The peace of God is the same peace which God possesses, the peace that results from his knowledge that nothing can happen in his whole vast universe except as he wills or permits it. He is neither anxious about the present, nor fearful of the future; and his peace can be ours, for as members of his family he has assured us that all the glorious attributes of his character are enlisted for our protection and care as New Creatures in Christ Jesus.

With this ‘blessed assurance’ we can ‘go forward’ in our march toward the heavenly Canaan with absolute confidence that if in each step of the way we obey him, no seas of trouble can drown us, nor will he permit any of the storms of life to overwhelm us. He has promised to guide us, to hold us, to keep us, to fight for us, and to give us strength. What more could we ask?

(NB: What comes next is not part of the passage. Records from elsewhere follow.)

(* Let $q$ be a prime power. For $n\in\{2,3\}$, the orbitals of $GU(n,q)$ acting on $\Phi(n,q)$ are exactly the $2(q^2-1)$ sets $S_{\alpha^i}$ and $R_{\alpha^i}$, $0\le i\le q^2-2$. For $n\ge 4$, the orbitals are exactly these sets together with $T$. Consequently the rank of the permutation group $(GU(n,q),\Phi(n,q))$ (equivalently, the number of relations of the Schurian association scheme $\mathcal X(GU(n,q),\Phi(n,q))$) is $2q^2-2$ if $n\in\{2,3\}$ and $2q^2-1$ if $n\ge 4$.
   Context: Let $q$ be a prime power, $V=\mathbb{F}_{q^2}^n$ with Hermitian form $\langle x,y\rangle=\sum_{k=1}^n x_k y_k^{\,q}$, $GU(n,q)=\{U\in GL_n(\mathbb{F}_{q^2}):U\bar U^T=I\}$ ($\bar U$ = entrywise $q$-th power) acting on the right on $V$, and on pairs by $(x,y)U=(xU,yU)$. $\Phi=\Phi(n,q)=\{x\in V\setminus\{0\}:\langle x,x\rangle=0\}$. An orbital is an orbit of the group on $\Phi\times\Phi$; the orbitals of a transitive group form the relations of the Schurian association scheme $\mathcal X(G,\Phi)$. Fix a primitive element $\alpha$ of $\mathbb{F}_{q^2}$; for $0\le i\le q^2-2$ let $S_{\alpha^i}=\{(x,y)\in\Phi\times\Phi:y=\alpha^ix\}$, $R_{\alpha^i}=\{(x,y)\in\Phi\times\Phi:\langle x,y\rangle=\alpha^i\}$, and $T=\{(x,y)\in\Phi\times\Phi:\langle x,y\rangle=0,\ y\notin\mathrm{Span}\{x\}\}$. *)

theory Defs
  imports "HOL-Analysis.Analysis" "HOL-Computational_Algebra.Primes"
begin

text \<open>F_{q^2} is rendered as a finite field type 'a with CARD('a) = q^2; V = 'a^'n with CARD('n) = n.
  Conjugation is the Frobenius c \<mapsto> c^q.\<close>

definition herm :: "nat \<Rightarrow> 'a::{field,finite}^'n \<Rightarrow> 'a^'n \<Rightarrow> 'a" where
  "herm q x y = (\<Sum>k\<in>UNIV. x$k * (y$k)^q)"

definition conjmat :: "nat \<Rightarrow> 'a::{field,finite}^'n^'n \<Rightarrow> 'a^'n^'n" where
  "conjmat q U = (\<chi> i j. (U$i$j)^q)"

definition GU :: "nat \<Rightarrow> ('a::{field,finite}^'n^'n) set" where
  "GU q = {U. U ** transpose (conjmat q U) = mat 1}"

definition Phi :: "nat \<Rightarrow> ('a::{field,finite}^'n) set" where
  "Phi q = {x. x \<noteq> 0 \<and> herm q x x = 0}"

text \<open>Right action x \<mapsto> xU (row vector times matrix), diagonal action on pairs.
  An orbital is an orbit of GU(n,q) on Phi \<times> Phi.\<close>
definition orbitals :: "nat \<Rightarrow> (('a::{field,finite}^'n) \<times> ('a^'n)) set set" where
  "orbitals q = {{(x v* U, y v* U) | U. U \<in> GU q} | x y. x \<in> Phi q \<and> y \<in> Phi q}"

definition S_rel :: "nat \<Rightarrow> 'a::{field,finite} \<Rightarrow> (('a^'n) \<times> ('a^'n)) set" where
  "S_rel q a = {(x, y). x \<in> Phi q \<and> y \<in> Phi q \<and> y = a *s x}"

definition R_rel :: "nat \<Rightarrow> 'a::{field,finite} \<Rightarrow> (('a^'n) \<times> ('a^'n)) set" where
  "R_rel q a = {(x, y). x \<in> Phi q \<and> y \<in> Phi q \<and> herm q x y = a}"

definition T_rel :: "nat \<Rightarrow> (('a::{field,finite}^'n) \<times> ('a^'n)) set" where
  "T_rel q = {(x, y). x \<in> Phi q \<and> y \<in> Phi q \<and> herm q x y = 0 \<and> \<not> (\<exists>c. y = c *s x)}"

definition primitive_elt :: "'a::{field,finite} \<Rightarrow> bool" where
  "primitive_elt \<alpha> \<longleftrightarrow> (\<forall>x. x \<noteq> 0 \<longrightarrow> (\<exists>i::nat. x = \<alpha>^i))"

end

theory Submission
  imports Defs "HOL-Number_Theory.Residues"
begin

text \<open>
  Gram--Schmidt works for the Hermitian form because norm and trace of \<open>F\<^sub>q\<^sub>2\<close> over
  \<open>F\<^sub>q\<close> are onto, so every orthonormal family extends to a unitary matrix and \<open>GU(n,q)\<close>
  maps any orthonormal family to any other one of the same size. A hyperbolic pair \<open>(x, z)\<close>,
  i.e.\ \<open>\<langle>x,x\<rangle> = \<langle>z,z\<rangle> = 0\<close> and \<open>\<langle>x,z\<rangle> = 1\<close>, is a fixed combination of an orthonormal pair,
  hence \<open>GU(n,q)\<close> is transitive on hyperbolic pairs and on pairs of mutually orthogonal
  hyperbolic pairs. Every isotropic \<open>x\<close> has a hyperbolic partner; if \<open>\<langle>x,y\<rangle> = a \<noteq> 0\<close> then
  \<open>a\<^sup>-\<^sup>q y\<close> is one, and a pair in \<open>T\<close> extends to two orthogonal hyperbolic pairs, which
  needs four orthonormal vectors and so \<open>n \<ge> 4\<close>. Hence each \<open>S\<^sub>a\<close>, \<open>R\<^sub>a\<close> and \<open>T\<close> is a single
  orbital; explicit witnesses show that they are pairwise distinct and that \<open>T\<close> is nonempty
  once \<open>n \<ge> 4\<close>.
\<close>

section \<open>Finite fields\<close>

lemma finite_field_power_card:
  fixes x :: "'a::{field,finite}"
  shows "x ^ CARD('a) = x"
proof (cases "x = 0")
  case True
  then show ?thesis
    using finite_UNIV_card_ge_0[where 'a='a] by simp
next
  case False
  let ?U = "UNIV - {0::'a}"
  have "bij_betw ((*) x) ?U ?U"
    by (rule bij_betwI[of _ _ _ "\<lambda>y. y / x"]) (use False in auto)
  then have "(\<Prod>y\<in>?U. x * y) = \<Prod>?U"
    by (rule prod.reindex_bij_betw)
  moreover have "(\<Prod>y\<in>?U. x * y) = x ^ card ?U * \<Prod>?U"
    by (simp add: prod.distrib)
  moreover have "\<Prod>?U \<noteq> 0"
    by simp
  ultimately have "x ^ card ?U = 1"
    by simp
  moreover have "CARD('a) = Suc (card ?U)"
    using finite_UNIV_card_ge_0[where 'a='a] by (simp add: card_Diff_singleton)
  ultimately show ?thesis
    by (simp only: power_Suc mult_1_right)
qed

lemma CHAR_eq_of_card_prime_power:
  assumes "prime p" and "m > 0" and "CARD('a::{field,finite}) = p ^ m"
  shows "CHAR('a) = p"
proof -
  have prime_char: "prime CHAR('a)"
    by (rule prime_CHAR_semidom) (simp add: finite_imp_CHAR_pos)
  have "CHAR('a) dvd p ^ m"
    using CHAR_dvd_CARD[where 'a='a] assms(3) by simp
  then have "CHAR('a) dvd p"
    using prime_char prime_dvd_power by blast
  then show ?thesis
    using prime_char assms(1) by (simp add: primes_dvd_imp_eq)
qed

lemma frobenius_add:
  fixes a b :: "'a::{field,finite}"
  assumes "prime p" and "m > 0" and "CARD('a) = p ^ m"
  shows "(a + b) ^ (p ^ k) = a ^ (p ^ k) + b ^ (p ^ k)"
proof (rule freshmans_dream')
  show "prime CHAR('a)" and "p ^ k = CHAR('a) ^ k"
    using assms CHAR_eq_of_card_prime_power[OF assms] by simp_all
qed

lemma exists_inj_on_lessThan:
  assumes "k \<le> CARD('n::finite)"
  shows "\<exists>f :: nat \<Rightarrow> 'n. inj_on f {..<k}"
  using card_le_inj[of "{..<k}" "UNIV :: 'n set"] assms by auto

locale frobenius_field =
  fixes q :: nat and \<alpha> :: "'a::{field,finite}"
  assumes card_field: "CARD('a) = q ^ 2"
    and power_q_add: "\<And>a b::'a. (a + b) ^ q = a ^ q + b ^ q"
    and primitive: "primitive_elt \<alpha>"
begin

lemma q_ge_2: "q \<ge> 2"
proof (rule ccontr)
  assume "\<not> q \<ge> 2"
  then have "q ^ 2 \<le> 1 ^ 2"
    by (intro power_mono) auto
  moreover have "card {0, 1::'a} \<le> CARD('a)"
    by (rule card_mono) auto
  ultimately show False
    using card_field by simp
qed

definition bar :: "'a \<Rightarrow> 'a" where
  "bar a = a ^ q"

lemma bar_add [simp]: "bar (a + b) = bar a + bar b"
  by (simp add: bar_def power_q_add)

lemma bar_mult [simp]: "bar (a * b) = bar a * bar b"
  by (simp add: bar_def power_mult_distrib)

lemma bar_0 [simp]: "bar 0 = 0"
  using q_ge_2 by (simp add: bar_def)

lemma bar_1 [simp]: "bar 1 = 1"
  by (simp add: bar_def)

lemma bar_minus [simp]: "bar (- a) = - bar a"
  using bar_add[of a "- a"] by (metis add.inverse_unique add.right_inverse bar_0)

lemma bar_diff [simp]: "bar (a - b) = bar a - bar b"
  using bar_add[of a "- b"] by simp

lemma bar_inverse [simp]: "bar (inverse a) = inverse (bar a)"
  by (simp add: bar_def power_inverse)

lemma bar_divide [simp]: "bar (a / b) = bar a / bar b"
  by (simp add: bar_def power_divide)

lemma bar_bar [simp]: "bar (bar a) = a"
  using finite_field_power_card[of a] card_field
  by (simp add: bar_def power2_eq_square power_mult)

lemma bar_eq_0_iff [simp]: "bar a = 0 \<longleftrightarrow> a = 0"
  using q_ge_2 by (simp add: bar_def)

lemma bar_sum: "bar (sum f A) = (\<Sum>i\<in>A. bar (f i))"
  by (induct A rule: infinite_finite_induct) auto

lemma q_square_minus_1:
  "0 < q - 1" "q - 1 < q ^ 2 - 1" "q ^ 2 - 1 = (q - 1) * (q + 1)"
proof -
  obtain m where "q = 2 + m"
    using le_Suc_ex[OF q_ge_2] by blast
  then show "0 < q - 1" "q - 1 < q ^ 2 - 1" "q ^ 2 - 1 = (q - 1) * (q + 1)"
    by (simp_all add: power2_eq_square)
qed

lemma card_nonzero: "card (UNIV - {0::'a}) = q ^ 2 - 1"
  using card_field by (simp add: card_Diff_singleton)

lemma power_card_nonzero_eq_1:
  fixes x :: 'a
  assumes "x \<noteq> 0"
  shows "x ^ (q ^ 2 - 1) = 1"
proof -
  have card: "Suc (q ^ 2 - 1) = CARD('a)"
    using q_square_minus_1 card_field by simp
  have "x ^ (q ^ 2 - 1) * x = x ^ CARD('a)"
    by (simp only: power_Suc2 flip: card)
  also have "\<dots> = 1 * x"
    using finite_field_power_card[of x] by simp
  finally show ?thesis
    using assms by simp
qed

lemma primitive_nonzero: "\<alpha> \<noteq> 0"
proof
  assume "\<alpha> = 0"
  have "x = 1" if "x \<noteq> 0" for x :: 'a
  proof -
    obtain i where "x = \<alpha> ^ i"
      using primitive \<open>x \<noteq> 0\<close> by (auto simp: primitive_elt_def)
    with \<open>\<alpha> = 0\<close> \<open>x \<noteq> 0\<close> show ?thesis
      by (cases i) simp_all
  qed
  then have "card (UNIV - {0::'a}) \<le> card {1::'a}"
    by (intro card_mono) auto
  moreover have "2 ^ 2 \<le> q ^ 2"
    using q_ge_2 by (rule power_mono) simp
  ultimately show False
    using card_nonzero by simp
qed

lemma primitive_power_mod: "\<alpha> ^ m = \<alpha> ^ (m mod (q ^ 2 - 1))"
proof -
  have "\<alpha> ^ m = (\<alpha> ^ (q ^ 2 - 1)) ^ (m div (q ^ 2 - 1)) * \<alpha> ^ (m mod (q ^ 2 - 1))"
    by (simp flip: power_mult power_add)
  then show ?thesis
    using power_card_nonzero_eq_1[OF primitive_nonzero] by simp
qed

lemma primitive_power_eq_1_iff: "\<alpha> ^ m = 1 \<longleftrightarrow> (q ^ 2 - 1) dvd m"
proof
  assume "(q ^ 2 - 1) dvd m"
  then show "\<alpha> ^ m = 1"
    using power_card_nonzero_eq_1[OF primitive_nonzero] by (auto simp: power_mult)
next
  assume "\<alpha> ^ m = 1"
  define r where "r = m mod (q ^ 2 - 1)"
  have r: "\<alpha> ^ r = 1"
    using \<open>\<alpha> ^ m = 1\<close> primitive_power_mod by (simp add: r_def)
  have "r < q ^ 2 - 1"
    using q_square_minus_1 by (simp add: r_def)
  show "(q ^ 2 - 1) dvd m"
  proof (rule ccontr)
    assume "\<not> (q ^ 2 - 1) dvd m"
    then have "r > 0"
      by (metis r_def dvd_eq_mod_eq_0 gr0I)
    \<comment> \<open>the powers of \<open>\<alpha>\<close> would repeat with period \<open>r\<close>, too short to reach every nonzero element\<close>
    have "UNIV - {0::'a} \<subseteq> (\<lambda>i. \<alpha> ^ i) ` {..<r}"
    proof
      fix x :: 'a
      assume "x \<in> UNIV - {0}"
      then obtain i where "x = \<alpha> ^ i"
        using primitive by (auto simp: primitive_elt_def)
      also have "\<dots> = (\<alpha> ^ r) ^ (i div r) * \<alpha> ^ (i mod r)"
        by (simp flip: power_mult power_add)
      finally show "x \<in> (\<lambda>i. \<alpha> ^ i) ` {..<r}"
        using r \<open>r > 0\<close> by simp
    qed
    then have "card (UNIV - {0::'a}) \<le> card ((\<lambda>i. \<alpha> ^ i) ` {..<r})"
      by (intro card_mono) auto
    then have "q ^ 2 - 1 \<le> r"
      using card_nonzero card_image_le[of "{..<r}" "\<lambda>i. \<alpha> ^ i"] by simp
    with \<open>r < q ^ 2 - 1\<close> show False
      by simp
  qed
qed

It remains only for us to wait on him in quietness and in confidence and claim his peace, knowing that whatever our need may be he will “bring it to pass.” (Ps. 37:5) All we have to do is to ‘stand still’ in the sense of not being agitated no matter what the circumstances may be; and when he gives the command to ‘go forward’, to obey knowing that he will lead the way and give victory to all who have their minds stayed on him, rewarding us with eternal peace.